lemma lipschitz_ode_unique:
  fixes x y Dx Dy :: "real \<Rightarrow> real"
  assumes dx: "\<And>t. R \<le> t \<Longrightarrow> (x has_real_derivative Dx t) (at t within {R..})"
    and dy: "\<And>t. R \<le> t \<Longrightarrow> (y has_real_derivative Dy t) (at t within {R..})"
    and lip: "\<And>t. R \<le> t \<Longrightarrow> \<bar>Dx t - Dy t\<bar> \<le> L * \<bar>x t - y t\<bar>"
    and "x R = y R" and "R \<le> t"
  shows "x t = y t"
proof -
  define h where "h s = (x s - y s)\<^sup>2 * exp (- 2 * L * (s - R))" for s
  define h' where "h' s = 2 * ((x s - y s) * (Dx s - Dy s) - L * (x s - y s)\<^sup>2) * exp (- 2 * L * (s - R))" for s
  have "h t \<le> h R"
  proof (rule le_start_if_derivative_nonpos[OF _ _ \<open>R \<le> t\<close>])
    show "(h has_real_derivative h' s) (at s within {R..})" if "R \<le> s" for s
      unfolding h_def[abs_def] h'_def
      by (rule derivative_eq_intros refl dx dy that)+ (simp add: algebra_simps power2_eq_square)
    show "h' s \<le> 0" if "R \<le> s" for s
    proof -
      have "(x s - y s) * (Dx s - Dy s) \<le> \<bar>x s - y s\<bar> * \<bar>Dx s - Dy s\<bar>"
        by (metis abs_ge_self abs_mult)
      also have "\<dots> \<le> \<bar>x s - y s\<bar> * (L * \<bar>x s - y s\<bar>)"
        using lip[OF that] by (intro mult_left_mono) auto
      also have "\<dots> = L * (x s - y s)\<^sup>2" by (simp add: power2_eq_square)
      finally have "(x s - y s) * (Dx s - Dy s) \<le> L * (x s - y s)\<^sup>2" .
      thus ?thesis by (simp add: h'_def mult_nonpos_nonneg)
    qed
  qed
  hence "(x t - y t)\<^sup>2 \<le> 0" using \<open>x R = y R\<close> by (simp add: h_def mult_le_0_iff)
  thus ?thesis by simp
qed

section \<open>Existence for bounded Lipschitz fields\<close>

lemma has_real_derivative_integral_from:
  fixes g :: "real \<Rightarrow> real"
  assumes "continuous_on UNIV g" and "R \<le> t"
  shows "((\<lambda>t. integral {R..t} g) has_real_derivative g t) (at t within {R..})"
proof -
  have "((\<lambda>t. integral {R..t} g) has_real_derivative g t) (at t within {R..t + 1})"
    using assms by (intro integral_has_real_derivative continuous_on_subset[OF assms(1)]) auto
  moreover have "at t within {R..t + 1} = at t within {R..}"
    by (rule at_within_nhd[where S = "{..<t + 1}"]) auto
  ultimately show ?thesis by simp
qed

lemma continuous_on_integral_from:
  fixes g :: "real \<Rightarrow> real"
  assumes "continuous_on UNIV g"
  shows "continuous_on UNIV (\<lambda>t. integral {R..max R t} g)"
proof -
  have "continuous_on {R..} (\<lambda>t. integral {R..t} g)"
    unfolding continuous_on_eq_continuous_within
    using has_real_derivative_integral_from[OF assms] DERIV_continuous by blast
  thus ?thesis
    by (rule continuous_on_compose2[of _ _ UNIV "\<lambda>t. max R t"]) (auto intro!: continuous_intros)
qed

lemma has_integral_exp_shifted:
  fixes K :: real
  assumes "0 < K" and "R \<le> v"
  shows "((\<lambda>s. exp (K * (s - R))) has_integral (exp (K * (v - R)) - 1) / K) {R..v}"
proof -
  have "((\<lambda>s. exp (K * (s - R))) has_integral exp (K * (v - R)) / K - exp (K * (R - R)) / K) {R..v}"
    using assms
    by (intro fundamental_theorem_of_calculus)
       (auto intro!: derivative_eq_intros simp: has_real_derivative_iff_has_vector_derivative[symmetric])
  thus ?thesis by (simp add: diff_divide_distrib)
qed

lemma continuous_on_field_along:
  assumes "continuous_on UNIV (\<lambda>p. G (fst p) (snd p))" and "continuous_on UNIV w"
  shows "continuous_on UNIV (\<lambda>s. G s (w s))"
proof -
  have "continuous_on UNIV (\<lambda>s. (\<lambda>p. G (fst p) (snd p)) (s, w s))"
    by (rule continuous_on_compose2[OF assms(1)]) (auto intro!: continuous_intros assms(2))
  thus ?thesis by simp
qed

**Description of the task**.
Retype each record. Keep every character as it is.

**The completed task**.
lemma lipschitz_ode_unique:
  fixes x y Dx Dy :: "real \<Rightarrow> real"
  assumes dx: "\<And>t. R \<le> t \<Longrightarrow> (x has_real_derivative Dx t) (at t within {R..})"
    and dy: "\<And>t. R \<le> t \<Longrightarrow> (y has_real_derivative Dy t) (at t within {R..})"
    and lip: "\<And>t. R \<le> t \<Longrightarrow> \<bar>Dx t - Dy t\<bar> \<le> L * \<bar>x t - y t\<bar>"
    and "x R = y R" and "R \<le> t"
  shows "x t = y t"
proof -
  define h where "h s = (x s - y s)\<^sup>2 * exp (- 2 * L * (s - R))" for s
  define h' where "h' s = 2 * ((x s - y s) * (Dx s - Dy s) - L * (x s - y s)\<^sup>2) * exp (- 2 * L * (s - R))" for s
  have "h t \<le> h R"
  proof (rule le_start_if_derivative_nonpos[OF _ _ \<open>R \<le> t\<close>])
    show "(h has_real_derivative h' s) (at s within {R..})" if "R \<le> s" for s
      unfolding h_def[abs_def] h'_def
      by (rule derivative_eq_intros refl dx dy that)+ (simp add: algebra_simps power2_eq_square)
    show "h' s \<le> 0" if "R \<le> s" for s
    proof -
      have "(x s - y s) * (Dx s - Dy s) \<le> \<bar>x s - y s\<bar> * \<bar>Dx s - Dy s\<bar>"
        by (metis abs_ge_self abs_mult)
      also have "\<dots> \<le> \<bar>x s - y s\<bar> * (L * \<bar>x s - y s\<bar>)"
        using lip[OF that] by (intro mult_left_mono) auto
      also have "\<dots> = L * (x s - y s)\<^sup>2" by (simp add: power2_eq_square)
      finally have "(x s - y s) * (Dx s - Dy s) \<le> L * (x s - y s)\<^sup>2" .
      thus ?thesis by (simp add: h'_def mult_nonpos_nonneg)
    qed
  qed
  hence "(x t - y t)\<^sup>2 \<le> 0" using \<open>x R = y R\<close> by (simp add: h_def mult_le_0_iff)
  thus ?thesis by simp
qed

section \<open>Existence for bounded Lipschitz fields\<close>

lemma has_real_derivative_integral_from:
  fixes g :: "real \<Rightarrow> real"
  assumes "continuous_on UNIV g" and "R \<le> t"
  shows "((\<lambda>t. integral {R..t} g) has_real_derivative g t) (at t within {R..})"
proof -
  have "((\<lambda>t. integral {R..t} g) has_real_derivative g t) (at t within {R..t + 1})"
    using assms by (intro integral_has_real_derivative continuous_on_subset[OF assms(1)]) auto
  moreover have "at t within {R..t + 1} = at t within {R..}"
    by (rule at_within_nhd[where S = "{..<t + 1}"]) auto
  ultimately show ?thesis by simp
qed

lemma continuous_on_integral_from:
  fixes g :: "real \<Rightarrow> real"
  assumes "continuous_on UNIV g"
  shows "continuous_on UNIV (\<lambda>t. integral {R..max R t} g)"
proof -
  have "continuous_on {R..} (\<lambda>t. integral {R..t} g)"
    unfolding continuous_on_eq_continuous_within
    using has_real_derivative_integral_from[OF assms] DERIV_continuous by blast
  thus ?thesis
    by (rule continuous_on_compose2[of _ _ UNIV "\<lambda>t. max R t"]) (auto intro!: continuous_intros)
qed

lemma has_integral_exp_shifted:
  fixes K :: real
  assumes "0 < K" and "R \<le> v"
  shows "((\<lambda>s. exp (K * (s - R))) has_integral (exp (K * (v - R)) - 1) / K) {R..v}"
proof -
  have "((\<lambda>s. exp (K * (s - R))) has_integral exp (K * (v - R)) / K - exp (K * (R - R)) / K) {R..v}"
    using assms
    by (intro fundamental_theorem_of_calculus)
       (auto intro!: derivative_eq_intros simp: has_real_derivative_iff_has_vector_derivative[symmetric])
  thus ?thesis by (simp add: diff_divide_distrib)
qed

lemma continuous_on_field_along:
  assumes "continuous_on UNIV (\<lambda>p. G (fst p) (snd p))" and "continuous_on UNIV w"
  shows "continuous_on UNIV (\<lambda>s. G s (w s))"
proof -
  have "continuous_on UNIV (\<lambda>s. (\<lambda>p. G (fst p) (snd p)) (s, w s))"
    by (rule continuous_on_compose2[OF assms(1)]) (auto intro!: continuous_intros assms(2))
  thus ?thesis by simp
qed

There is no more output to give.